lemma trinomial_mult_cancel:
  assumes "a \<le> b" "c \<le> d" "a' \<le> b'" "c' \<le> d'"
    and "trinomial a b * trinomial c d = trinomial a' b' * trinomial c' d'"
  shows "{#trinomial a b, trinomial c d#} = {#trinomial a' b', trinomial c' d'#}"
proof -
  obtain p q r s where pqrs: "p \<le> q" "r \<le> s" "p \<le> r"
    and AB: "{#trinomial a b, trinomial c d#} = {#trinomial p q, trinomial r s#}"
    using assms(1,2) by (rule trinomial_pair_sorted)
  obtain p' q' r' s' where pqrs': "p' \<le> q'" "r' \<le> s'" "p' \<le> r'"
    and AB': "{#trinomial a' b', trinomial c' d'#} = {#trinomial p' q', trinomial r' s'#}"
    using assms(3,4) by (rule trinomial_pair_sorted)
  from assms(5) have "prod_mset {#trinomial a b, trinomial c d#} = prod_mset {#trinomial a' b', trinomial c' d'#}"
    by simp
  then have "trinomial p q * trinomial r s = trinomial p' q' * trinomial r' s'"
    unfolding AB AB' by simp
  with AB AB' show ?thesis
    using trinomial_mult_cancel_sorted[OF pqrs pqrs'] by simp
qed

lemma X_free_irreducible_factors_of_value_9:
  assumes irr: "\<forall>Q\<in>#A. irreducible_N1 Q \<and> Q \<noteq> monom 1 1" and nine: "poly (prod_mset A) 1 = 9"
  shows "(\<exists>U. A = {#U#}) \<or> (\<exists>a b c d. a \<le> b \<and> c \<le> d \<and> A = {#trinomial a b, trinomial c d#})"
proof -
  let ?V = "image_mset (\<lambda>Q. poly Q 1) A"
  have "\<forall>n\<in>#?V. 2 \<le> n"
    using irr irreducible_N1_poly_1_ge_2 by auto
  moreover have "prod_mset ?V = 9"
    using nine poly_prod_mset[of "\<lambda>Q. Q" A 1] by simp
  ultimately consider "?V = {#9#}" | "?V = {#3, 3#}"
    using nat_prod_mset_eq_9_cases by blast
  then show ?thesis
  proof cases
    case 1
    then have "size A = 1"
      by (metis size_image_mset size_single)
    then show ?thesis
      using size_1_singleton_mset by blast
  next
    case 2
    then obtain S T where A: "A = {#S, T#}" and "poly S 1 = 3" "poly T 1 = 3"
      by (auto dest!: msed_map_invR)
    from A irr have "irreducible_N1 S \<and> S \<noteq> monom 1 1" "irreducible_N1 T \<and> T \<noteq> monom 1 1"
      by simp_all
    then have "coeff S 0 \<noteq> 0" "coeff T 0 \<noteq> 0"
      using irreducible_N1_coeff_0 by blast+
    obtain a b where "a \<le> b" "S = trinomial a b"
      using \<open>poly S 1 = 3\<close> \<open>coeff S 0 \<noteq> 0\<close> by (rule nat_poly_1_eq_3_imp_trinomial)
    moreover obtain c d where "c \<le> d" "T = trinomial c d"
      using \<open>poly T 1 = 3\<close> \<open>coeff T 0 \<noteq> 0\<close> by (rule nat_poly_1_eq_3_imp_trinomial)
    ultimately show ?thesis
      using A by (intro disjI2 exI[of _ a] exI[of _ b] exI[of _ c] exI[of _ d]) simp
  qed
qed

lemma not_irreducible_N1_trinomial_mult: "\<not> irreducible_N1 (trinomial a b * trinomial c d)"
proof -
  have "trinomial a b \<noteq> 1" "trinomial c d \<noteq> 1"
    using poly_poly_of_exps_1[of "{#0, a, b#}"] poly_poly_of_exps_1[of "{#0, c, d#}"] by auto
  then show ?thesis
    unfolding irreducible_N1_def by blast
qed

lemma X_free_irreducible_factorisation_of_value_9_unique:
  assumes irr_A: "\<forall>Q\<in>#A. irreducible_N1 Q \<and> Q \<noteq> monom 1 1"
    and irr_B: "\<forall>Q\<in>#B. irreducible_N1 Q \<and> Q \<noteq> monom 1 1"
    and prod: "prod_mset A = prod_mset B" and nine: "poly (prod_mset A) 1 = 9"
  shows "A = B"
  using X_free_irreducible_factors_of_value_9[OF irr_A nine]
    X_free_irreducible_factors_of_value_9[OF irr_B nine[unfolded prod]]
proof (elim disjE exE conjE)
  fix U U' assume "A = {#U#}" "B = {#U'#}"
  with prod show ?thesis
    by simp
next
  fix U a b c d assume "A = {#U#}" "B = {#trinomial a b, trinomial c d#}"
  with prod irr_A have "irreducible_N1 (trinomial a b * trinomial c d)"
    by simp
  then show ?thesis
    using not_irreducible_N1_trinomial_mult by blast
next
  fix U a b c d assume "A = {#trinomial a b, trinomial c d#}" "B = {#U#}"
  with prod irr_B have "irreducible_N1 (trinomial a b * trinomial c d)"
    by simp
  then show ?thesis
    using not_irreducible_N1_trinomial_mult by blast
next
  fix a b c d a' b' c' d'
  assume sorted: "a \<le> b" "c \<le> d" and A: "A = {#trinomial a b, trinomial c d#}"
    and sorted': "a' \<le> b'" "c' \<le> d'" and B: "B = {#trinomial a' b', trinomial c' d'#}"
  from prod have "trinomial a b * trinomial c d = trinomial a' b' * trinomial c' d'"
    unfolding A B by simp
  with A B show ?thesis
    using trinomial_mult_cancel[OF sorted sorted'] by simp
qed

lemma prod_mset_split_monom_1_1:
  "prod_mset A = monom 1 (count A (monom 1 1)) * prod_mset (filter_mset (\<lambda>Q. Q \<noteq> monom 1 1) A)"
  for A :: "'a :: comm_semiring_1 poly multiset"
proof -
  have "A = filter_mset (\<lambda>Q. Q = monom 1 1) A + filter_mset (\<lambda>Q. Q \<noteq> monom 1 1) A"
    by (rule multiset_partition)
  then have "prod_mset A =
      prod_mset (filter_mset (\<lambda>Q. Q = monom 1 1) A) * prod_mset (filter_mset (\<lambda>Q. Q \<noteq> monom 1 1) A)"
    by (metis prod_mset.union)
  then show ?thesis
    by (simp add: filter_eq_replicate_mset monom_power)
qed

lemma multiset_eq_by_count_and_filter_neq:
  assumes "count A x = count B x" "filter_mset (\<lambda>y. y \<noteq> x) A = filter_mset (\<lambda>y. y \<noteq> x) B"
  shows "A = B"
proof (rule multiset_eqI)
  show "count A y = count B y" for y
    using assms(1) arg_cong[OF assms(2), of "\<lambda>M. count M y"] by (cases "y = x") simp_all
qed
lemma arcs_ext_graph:
  "arcs (ext_vertices X y) (ext_adj X y) =
     (\<lambda>(a, b). (Inl a, Inr b)) ` (SIGMA a:left_ext X y. right_ext X (a # y))
     \<union> (\<lambda>(a, b). (Inr b, Inl a)) ` (SIGMA a:left_ext X y. right_ext X (a # y))"
  (is "_ = ?f ` ?P \<union> ?g ` ?P")
proof (intro equalityI subsetI)
  fix e assume "e \<in> arcs (ext_vertices X y) (ext_adj X y)"
  then obtain u v where e: "e = (u, v)" "ext_adj X y u v" by (auto simp: arcs_def)
  then obtain a b where ab: "a # y @ [b] \<in> lang X" "(u, v) = ?f (a, b) \<or> (u, v) = ?g (a, b)"
    unfolding ext_adj_def by auto
  from ab(1) have "(a, b) \<in> ?P" by (simp only: ext_pair_iff)
  with ab(2) e(1) show "e \<in> ?f ` ?P \<union> ?g ` ?P" by blast
next
  fix e assume "e \<in> ?f ` ?P \<union> ?g ` ?P"
  then obtain a b where ab: "(a, b) \<in> ?P" "e = ?f (a, b) \<or> e = ?g (a, b)" by blast
  then have "a \<in> left_ext X y" "b \<in> right_ext X y" "a # y @ [b] \<in> lang X"
    using ext_pair_iff lang_Cons_snocD[of a y b X] by (auto simp: right_ext_def)
  then have "Inl a \<in> ext_vertices X y" "Inr b \<in> ext_vertices X y"
    "ext_adj X y (Inl a) (Inr b)" "ext_adj X y (Inr b) (Inl a)"
    by (auto simp: ext_vertices_def ext_adj_def)
  with ab(2) show "e \<in> arcs (ext_vertices X y) (ext_adj X y)" by (auto simp: arcs_def)
qed

context finite_shift
begin

lemma card_arcs_ext_graph:
  "card (arcs (ext_vertices X y) (ext_adj X y)) = 2 * card (SIGMA a:left_ext X y. right_ext X (a # y))"
proof -
  let ?P = "SIGMA a:left_ext X y. right_ext X (a # y)"
  let ?f = "\<lambda>(a, b). (Inl a, Inr b) :: ('a + 'a) \<times> ('a + 'a)"
  let ?g = "\<lambda>(a, b). (Inr b, Inl a) :: ('a + 'a) \<times> ('a + 'a)"
  have fin: "finite ?P" using finite_left_ext finite_right_ext by simp
  have "card (?f ` ?P) = card ?P" "card (?g ` ?P) = card ?P"
    by (auto intro!: card_image simp: inj_on_def)
  moreover have "?f ` ?P \<inter> ?g ` ?P = {}" by auto
  then have "card (?f ` ?P \<union> ?g ` ?P) = card (?f ` ?P) + card (?g ` ?P)"
    using fin by (simp add: card_Un_disjoint)
  ultimately show ?thesis unfolding arcs_ext_graph by simp
qed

▬▬▬

__Assignment__:
The answer must be every line of the records that contains the word "metis".

__Written answer__:
      by (metis size_image_mset size_single)
    by (metis prod_mset.union)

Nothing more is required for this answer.